China pursues high-quality population development to support modernization
BEIJING -- China has sent a clear signal to adapt to the new normal in its demographics in an effort to boost modernization by improving the overall quality of its population.
According to a meeting of the Central Commission for Financial and Economic Affairs held last week, China is currently experiencing a trend of birthrate decline, population aging, and differentiation in regional population growth.
The latest official data showed that China's population reached 1.41175 billion at the end of 2022, a drop of 850,000 from that at the end of 2021.
"A slight decline in population size and an increasingly aging society are inevitable during the economic and social development," said He Dan, head of the China Population and Development Research Center.
But China's supply of workforce remains rich, given its population of more than 1.4 billion. Besides, the country's working-age population is close to 900 million, and 15 million more join the workforce every year.
At the same time, China's talent dividend, as a result of more education input, is growing. More than 240 million people in China have received higher education. The number of research and development personnel in China ranks top in the world.

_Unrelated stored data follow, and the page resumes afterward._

lemma controllable_path_extension:
  assumes "finite W" "ps \<noteq> []" "distinct ps" "last ps \<in> W"
    and outside: "\<forall>v\<in>set (butlast ps). v \<notin> W"
    and B': "input_pattern W {last ps} B'" and ctr': "controllable W {last ps} A' B'"
  shows "controllable (set ps \<union> W) {hd ps} (path_extension ps W A')
           (\<lambda>i k. if i = hd ps then B' (last ps) (last ps) else 0)"
proof -
  define b where "b = B' (last ps) (last ps)"
  define \<delta> where "\<delta> a = (\<lambda>l. if l = a then b else 0)" for a :: 'a
  have "b \<noteq> 0" and B'_col: "\<And>l. l \<in> W \<Longrightarrow> B' l (last ps) = \<delta> (last ps) l"
    using B' assms(4) by (auto simp: input_pattern_def b_def \<delta>_def)
  define V where "V = set ps \<union> W"
  define A where "A = path_extension ps W A'"
  define m where "m = length ps - 1"
  have "card V = m + card W" "inj_on (nth ps) {..<m}" "nth ps ` {..<m} = V - W"
    using path_nodes_outside[OF assms(1-5)] by (simp_all add: V_def m_def)
  moreover have "(mvec V A ^^ t) (\<delta> (hd ps)) = \<delta> (ps ! t)" if "t < m" for t
    using krylov_path_head[OF assms(1-5)] that by (simp add: V_def A_def \<delta>_def m_def)
  moreover have "(mvec V A ^^ (m + s)) (\<delta> (hd ps)) i
      = (if i \<in> W then (mvec W A' ^^ s) (\<lambda>l. B' l (last ps)) i else 0)" for s i
  proof -
    have "(mvec W A' ^^ s) (\<lambda>l. B' l (last ps)) i = (mvec W A' ^^ s) (\<delta> (last ps)) i" if "i \<in> W"
      using B'_col that by (rule mvec_pow_cong)
    then show ?thesis
      using krylov_path_tail[OF assms(1-5), where A'=A' and b=b and s=s]
      by (simp add: V_def A_def \<delta>_def m_def)
  qed
  moreover have "\<forall>x. \<exists>c. \<forall>i\<in>W. x i = (\<Sum>s<card W. c s * (mvec W A' ^^ s) (\<lambda>l. B' l (last ps)) i)"
    using ctr' by (simp add: controllable_single_input_iff)
  ultimately have "\<forall>x. \<exists>c. \<forall>i\<in>V. x i = (\<Sum>t<card V. c t * (mvec V A ^^ t) (\<delta> (hd ps)) i)"
    using \<open>b \<noteq> 0\<close> by (intro span_cascade[of V m W b "nth ps"]) (auto simp: V_def \<delta>_def)
  then have "controllable V {hd ps} A (\<lambda>i k. \<delta> (hd ps) i)"
    by (simp add: controllable_single_input_iff)
  moreover have "(\<lambda>i k :: 'a. \<delta> (hd ps) i) = (\<lambda>i k. if i = hd ps then B' (last ps) (last ps) else 0)"
    unfolding \<delta>_def b_def ..
  ultimately show ?thesis
    by (simp add: V_def A_def)
qed

theorem theorem5:
  fixes V1 V2 :: "'a set" and E1 E2 :: "('a \<times> 'a) set" and K1 :: "'a set"
    and k2 :: 'a and ps :: "'a list"
  assumes "digraph V1 E1" and "K1 \<subseteq> V1"
    and "digraph V2 E2" and "k2 \<in> V2"
    and "V1 \<inter> V2 = {}"
    and "structurally_controllable V2 E2 {k2}"
    and "directed_path ps" and "hd ps \<in> K1" and "last ps = k2"
    and "\<forall>v\<in>set (butlast ps). v \<notin> V2"
  shows "structurally_controllable (set ps \<union> V2) (path_edges ps \<union> E2) {hd ps}"
proof -
  have ps: "ps \<noteq> []" "distinct ps" using assms(7) by (auto simp: directed_path_def)
  have V2: "finite V2" "E2 \<subseteq> V2 \<times> V2" using assms(3) by (auto simp: digraph_def)
  obtain A2 B2 where A2: "weight_pattern V2 E2 A2" and B2: "input_pattern V2 {k2} B2"
    and ctr2: "controllable V2 {k2} A2 B2"
    using assms(6) by (auto simp: structurally_controllable_def)
  define B where "B = (\<lambda>i k :: 'a. if i = hd ps then B2 k2 k2 else 0)"
  have "weight_pattern (set ps \<union> V2) (path_edges ps \<union> E2) (path_extension ps V2 A2)"
    using A2 V2(2) assms(10) by (rule weight_pattern_path_extension)
  moreover have "input_pattern (set ps \<union> V2) {hd ps} B"
    using B2 assms(4) by (simp add: input_pattern_def B_def)
  moreover have "controllable (set ps \<union> V2) {hd ps} (path_extension ps V2 A2) B"
    using controllable_path_extension[OF V2(1) ps, where A'=A2 and B'=B2] assms(4,9,10) B2 ctr2
    unfolding B_def assms(9)[symmetric] by simp
  ultimately show ?thesis
    unfolding structurally_controllable_def by blast
qed

end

To advance Chinese modernization, last week's meeting said China should speed up the development of modern human resources with good quality, sufficient quantity, optimized structure, and reasonable distribution.
Over the past years, education has proved to be an important channel in improving the quality of China's population and has created a growing talent dividend.
According to the meeting, China will take the building of educational power as a strategic project, and comprehensively improve the scientific and cultural literacy, health, intellectual and moral levels of the Chinese people.
Responding to population aging, Lu Ming, a professor at Shanghai Jiao Tong University, said the country can tap into the experience and wisdom of senior citizens.
Among Chinese seniors aged 60 years and over, around half are between 60 and 69, according to Lu. A lot of them have advantages in knowledge, experience, and skills, and their health is still good, Lu added. They can continue to make contributions to society on a voluntary basis.
While highlighting the work to develop human resources, Hu Zuquan, a researcher with the State Information Center, stressed the need to safeguard population security.
Last week's meeting underscored more efforts to maintain an appropriate birthrate and population size. China will develop inclusive childcare services, reduce the burden on families of child-bearing, child-rearing, and education, and promote the building of a child-bearing-friendly society, according to the meeting.